-- Exercise brief --
Please transcribe the data that follows exactly, from its first line through the line that contains "m \<times> Fpn p m.".

************

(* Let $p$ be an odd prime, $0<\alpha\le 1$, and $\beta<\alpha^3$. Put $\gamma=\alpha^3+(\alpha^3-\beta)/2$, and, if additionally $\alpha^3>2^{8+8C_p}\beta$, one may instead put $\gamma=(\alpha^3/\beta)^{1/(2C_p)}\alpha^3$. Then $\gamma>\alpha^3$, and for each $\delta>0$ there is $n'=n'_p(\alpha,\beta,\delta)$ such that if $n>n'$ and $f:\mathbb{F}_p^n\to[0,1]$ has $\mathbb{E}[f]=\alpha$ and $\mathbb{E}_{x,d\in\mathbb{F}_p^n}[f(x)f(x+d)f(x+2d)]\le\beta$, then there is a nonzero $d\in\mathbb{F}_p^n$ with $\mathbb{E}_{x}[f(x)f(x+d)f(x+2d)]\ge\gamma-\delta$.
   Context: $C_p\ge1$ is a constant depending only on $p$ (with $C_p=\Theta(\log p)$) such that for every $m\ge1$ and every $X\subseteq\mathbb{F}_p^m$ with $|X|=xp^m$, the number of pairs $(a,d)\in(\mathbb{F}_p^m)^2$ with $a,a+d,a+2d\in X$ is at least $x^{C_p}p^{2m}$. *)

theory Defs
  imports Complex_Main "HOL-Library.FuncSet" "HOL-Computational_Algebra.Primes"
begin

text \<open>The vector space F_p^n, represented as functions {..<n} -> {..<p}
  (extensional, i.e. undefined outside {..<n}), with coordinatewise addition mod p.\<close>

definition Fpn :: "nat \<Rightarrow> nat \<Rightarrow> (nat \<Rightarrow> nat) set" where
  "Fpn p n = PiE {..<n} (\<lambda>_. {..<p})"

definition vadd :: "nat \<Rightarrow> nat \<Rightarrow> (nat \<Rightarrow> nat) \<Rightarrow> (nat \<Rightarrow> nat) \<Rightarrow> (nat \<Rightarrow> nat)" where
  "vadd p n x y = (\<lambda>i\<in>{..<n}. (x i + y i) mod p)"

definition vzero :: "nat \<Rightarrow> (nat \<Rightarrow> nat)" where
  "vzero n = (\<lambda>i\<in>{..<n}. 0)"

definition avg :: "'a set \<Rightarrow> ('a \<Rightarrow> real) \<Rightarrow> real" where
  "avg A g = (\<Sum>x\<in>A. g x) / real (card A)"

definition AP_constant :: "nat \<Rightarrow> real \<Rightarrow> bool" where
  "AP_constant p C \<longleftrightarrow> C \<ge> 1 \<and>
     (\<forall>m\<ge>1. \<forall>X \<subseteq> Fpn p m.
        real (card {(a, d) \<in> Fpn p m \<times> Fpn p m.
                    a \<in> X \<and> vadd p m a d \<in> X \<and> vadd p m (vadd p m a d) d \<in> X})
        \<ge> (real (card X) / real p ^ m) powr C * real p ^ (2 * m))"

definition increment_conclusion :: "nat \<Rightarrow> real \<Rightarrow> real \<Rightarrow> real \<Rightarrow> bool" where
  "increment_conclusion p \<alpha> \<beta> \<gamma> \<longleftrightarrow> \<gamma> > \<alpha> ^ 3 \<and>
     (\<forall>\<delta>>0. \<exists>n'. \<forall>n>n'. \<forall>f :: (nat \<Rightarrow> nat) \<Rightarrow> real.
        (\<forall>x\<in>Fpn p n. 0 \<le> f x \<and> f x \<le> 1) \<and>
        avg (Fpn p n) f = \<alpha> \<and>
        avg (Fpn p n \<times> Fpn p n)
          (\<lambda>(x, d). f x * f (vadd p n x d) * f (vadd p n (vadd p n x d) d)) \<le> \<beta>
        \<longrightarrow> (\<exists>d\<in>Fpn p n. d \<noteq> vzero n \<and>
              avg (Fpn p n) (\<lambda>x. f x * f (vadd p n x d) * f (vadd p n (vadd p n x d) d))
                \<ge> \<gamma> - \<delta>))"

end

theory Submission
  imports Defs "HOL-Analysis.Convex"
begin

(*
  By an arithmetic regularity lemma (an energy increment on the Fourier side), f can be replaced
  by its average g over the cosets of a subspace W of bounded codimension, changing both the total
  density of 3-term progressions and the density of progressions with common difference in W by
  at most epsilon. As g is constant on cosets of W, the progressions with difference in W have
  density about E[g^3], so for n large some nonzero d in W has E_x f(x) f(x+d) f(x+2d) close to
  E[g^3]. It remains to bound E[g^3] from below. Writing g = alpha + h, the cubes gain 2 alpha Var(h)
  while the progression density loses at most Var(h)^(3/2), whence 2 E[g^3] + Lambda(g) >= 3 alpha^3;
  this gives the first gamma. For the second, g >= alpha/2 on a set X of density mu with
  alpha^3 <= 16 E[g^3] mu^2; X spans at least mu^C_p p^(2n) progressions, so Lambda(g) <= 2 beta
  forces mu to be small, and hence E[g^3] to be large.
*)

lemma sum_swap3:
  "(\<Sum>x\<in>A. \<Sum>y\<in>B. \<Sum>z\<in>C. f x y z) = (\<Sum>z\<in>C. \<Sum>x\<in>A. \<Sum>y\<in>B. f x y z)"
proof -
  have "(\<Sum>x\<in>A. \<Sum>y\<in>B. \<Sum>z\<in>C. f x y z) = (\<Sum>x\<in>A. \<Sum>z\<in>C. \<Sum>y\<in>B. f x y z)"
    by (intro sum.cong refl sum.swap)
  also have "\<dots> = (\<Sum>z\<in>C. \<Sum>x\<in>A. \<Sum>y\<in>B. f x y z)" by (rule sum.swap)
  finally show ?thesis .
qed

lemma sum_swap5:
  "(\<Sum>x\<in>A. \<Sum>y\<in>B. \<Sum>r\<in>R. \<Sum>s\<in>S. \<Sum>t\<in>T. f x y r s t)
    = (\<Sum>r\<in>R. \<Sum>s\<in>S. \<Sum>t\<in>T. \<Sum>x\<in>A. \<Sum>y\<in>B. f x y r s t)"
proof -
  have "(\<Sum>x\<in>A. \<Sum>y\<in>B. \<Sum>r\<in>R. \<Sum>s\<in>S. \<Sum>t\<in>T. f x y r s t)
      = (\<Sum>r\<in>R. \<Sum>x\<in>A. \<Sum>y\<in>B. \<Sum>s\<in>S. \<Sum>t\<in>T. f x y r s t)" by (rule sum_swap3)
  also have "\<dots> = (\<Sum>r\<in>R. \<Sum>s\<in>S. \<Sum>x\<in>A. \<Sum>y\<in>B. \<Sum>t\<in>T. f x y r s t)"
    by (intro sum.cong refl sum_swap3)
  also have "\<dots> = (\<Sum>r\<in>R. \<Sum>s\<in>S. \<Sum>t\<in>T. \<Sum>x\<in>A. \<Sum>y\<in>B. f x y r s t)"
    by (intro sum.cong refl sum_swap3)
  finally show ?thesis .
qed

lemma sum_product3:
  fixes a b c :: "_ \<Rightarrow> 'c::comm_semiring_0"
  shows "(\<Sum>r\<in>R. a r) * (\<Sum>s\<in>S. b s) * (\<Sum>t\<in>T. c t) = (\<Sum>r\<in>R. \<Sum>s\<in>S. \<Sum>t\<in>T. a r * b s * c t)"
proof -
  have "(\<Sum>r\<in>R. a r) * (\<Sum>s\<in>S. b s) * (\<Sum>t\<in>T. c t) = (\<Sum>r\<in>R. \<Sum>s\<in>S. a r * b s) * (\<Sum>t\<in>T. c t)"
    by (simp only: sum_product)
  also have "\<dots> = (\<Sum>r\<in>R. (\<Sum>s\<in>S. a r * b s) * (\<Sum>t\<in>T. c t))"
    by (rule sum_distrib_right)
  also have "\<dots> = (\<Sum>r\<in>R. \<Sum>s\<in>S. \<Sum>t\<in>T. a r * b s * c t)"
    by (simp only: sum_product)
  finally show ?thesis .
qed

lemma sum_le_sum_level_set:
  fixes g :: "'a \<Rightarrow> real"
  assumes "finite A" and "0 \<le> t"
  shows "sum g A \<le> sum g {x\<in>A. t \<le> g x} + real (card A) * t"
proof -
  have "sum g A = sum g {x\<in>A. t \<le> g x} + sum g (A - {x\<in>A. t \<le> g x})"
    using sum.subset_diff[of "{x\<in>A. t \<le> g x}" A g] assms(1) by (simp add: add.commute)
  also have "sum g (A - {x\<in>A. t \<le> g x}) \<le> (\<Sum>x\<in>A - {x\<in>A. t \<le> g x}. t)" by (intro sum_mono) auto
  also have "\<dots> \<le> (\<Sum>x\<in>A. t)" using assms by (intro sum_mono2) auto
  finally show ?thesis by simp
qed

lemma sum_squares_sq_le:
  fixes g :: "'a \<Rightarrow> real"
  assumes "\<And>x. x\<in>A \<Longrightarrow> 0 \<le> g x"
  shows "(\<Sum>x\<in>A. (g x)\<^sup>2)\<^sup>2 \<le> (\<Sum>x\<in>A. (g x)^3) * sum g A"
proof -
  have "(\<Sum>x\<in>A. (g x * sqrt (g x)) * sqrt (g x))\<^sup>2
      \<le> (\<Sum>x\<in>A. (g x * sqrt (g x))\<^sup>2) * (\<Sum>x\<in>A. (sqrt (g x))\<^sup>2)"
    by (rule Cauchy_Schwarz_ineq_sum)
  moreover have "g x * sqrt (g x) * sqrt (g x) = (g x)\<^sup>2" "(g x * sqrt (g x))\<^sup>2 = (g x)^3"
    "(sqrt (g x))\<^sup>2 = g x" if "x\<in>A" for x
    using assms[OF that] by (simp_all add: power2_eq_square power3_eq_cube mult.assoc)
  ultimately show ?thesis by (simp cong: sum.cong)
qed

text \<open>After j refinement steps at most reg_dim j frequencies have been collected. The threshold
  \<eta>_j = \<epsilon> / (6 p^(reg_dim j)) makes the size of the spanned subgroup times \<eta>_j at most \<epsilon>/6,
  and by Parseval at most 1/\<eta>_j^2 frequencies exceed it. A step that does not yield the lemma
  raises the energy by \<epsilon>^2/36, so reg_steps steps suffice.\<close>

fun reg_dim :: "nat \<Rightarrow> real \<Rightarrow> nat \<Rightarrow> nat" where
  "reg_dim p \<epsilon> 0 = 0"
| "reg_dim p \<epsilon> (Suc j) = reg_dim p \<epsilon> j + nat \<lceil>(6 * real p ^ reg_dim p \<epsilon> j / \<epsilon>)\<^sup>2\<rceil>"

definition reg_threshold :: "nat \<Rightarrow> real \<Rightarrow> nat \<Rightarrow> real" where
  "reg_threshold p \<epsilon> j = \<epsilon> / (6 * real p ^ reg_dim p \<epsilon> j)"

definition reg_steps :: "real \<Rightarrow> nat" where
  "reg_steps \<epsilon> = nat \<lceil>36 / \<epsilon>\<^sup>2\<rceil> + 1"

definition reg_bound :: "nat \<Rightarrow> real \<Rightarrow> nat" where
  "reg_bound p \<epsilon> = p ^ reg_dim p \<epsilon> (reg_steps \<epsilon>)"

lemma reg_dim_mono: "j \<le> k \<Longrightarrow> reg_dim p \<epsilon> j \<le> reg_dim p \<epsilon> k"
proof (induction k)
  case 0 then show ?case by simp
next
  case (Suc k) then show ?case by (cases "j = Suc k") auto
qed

************

-- Output below --
(* Let $p$ be an odd prime, $0<\alpha\le 1$, and $\beta<\alpha^3$. Put $\gamma=\alpha^3+(\alpha^3-\beta)/2$, and, if additionally $\alpha^3>2^{8+8C_p}\beta$, one may instead put $\gamma=(\alpha^3/\beta)^{1/(2C_p)}\alpha^3$. Then $\gamma>\alpha^3$, and for each $\delta>0$ there is $n'=n'_p(\alpha,\beta,\delta)$ such that if $n>n'$ and $f:\mathbb{F}_p^n\to[0,1]$ has $\mathbb{E}[f]=\alpha$ and $\mathbb{E}_{x,d\in\mathbb{F}_p^n}[f(x)f(x+d)f(x+2d)]\le\beta$, then there is a nonzero $d\in\mathbb{F}_p^n$ with $\mathbb{E}_{x}[f(x)f(x+d)f(x+2d)]\ge\gamma-\delta$.
   Context: $C_p\ge1$ is a constant depending only on $p$ (with $C_p=\Theta(\log p)$) such that for every $m\ge1$ and every $X\subseteq\mathbb{F}_p^m$ with $|X|=xp^m$, the number of pairs $(a,d)\in(\mathbb{F}_p^m)^2$ with $a,a+d,a+2d\in X$ is at least $x^{C_p}p^{2m}$. *)

theory Defs
  imports Complex_Main "HOL-Library.FuncSet" "HOL-Computational_Algebra.Primes"
begin

text \<open>The vector space F_p^n, represented as functions {..<n} -> {..<p}
  (extensional, i.e. undefined outside {..<n}), with coordinatewise addition mod p.\<close>

definition Fpn :: "nat \<Rightarrow> nat \<Rightarrow> (nat \<Rightarrow> nat) set" where
  "Fpn p n = PiE {..<n} (\<lambda>_. {..<p})"

definition vadd :: "nat \<Rightarrow> nat \<Rightarrow> (nat \<Rightarrow> nat) \<Rightarrow> (nat \<Rightarrow> nat) \<Rightarrow> (nat \<Rightarrow> nat)" where
  "vadd p n x y = (\<lambda>i\<in>{..<n}. (x i + y i) mod p)"

definition vzero :: "nat \<Rightarrow> (nat \<Rightarrow> nat)" where
  "vzero n = (\<lambda>i\<in>{..<n}. 0)"

definition avg :: "'a set \<Rightarrow> ('a \<Rightarrow> real) \<Rightarrow> real" where
  "avg A g = (\<Sum>x\<in>A. g x) / real (card A)"

definition AP_constant :: "nat \<Rightarrow> real \<Rightarrow> bool" where
  "AP_constant p C \<longleftrightarrow> C \<ge> 1 \<and>
     (\<forall>m\<ge>1. \<forall>X \<subseteq> Fpn p m.
        real (card {(a, d) \<in> Fpn p m \<times> Fpn p m.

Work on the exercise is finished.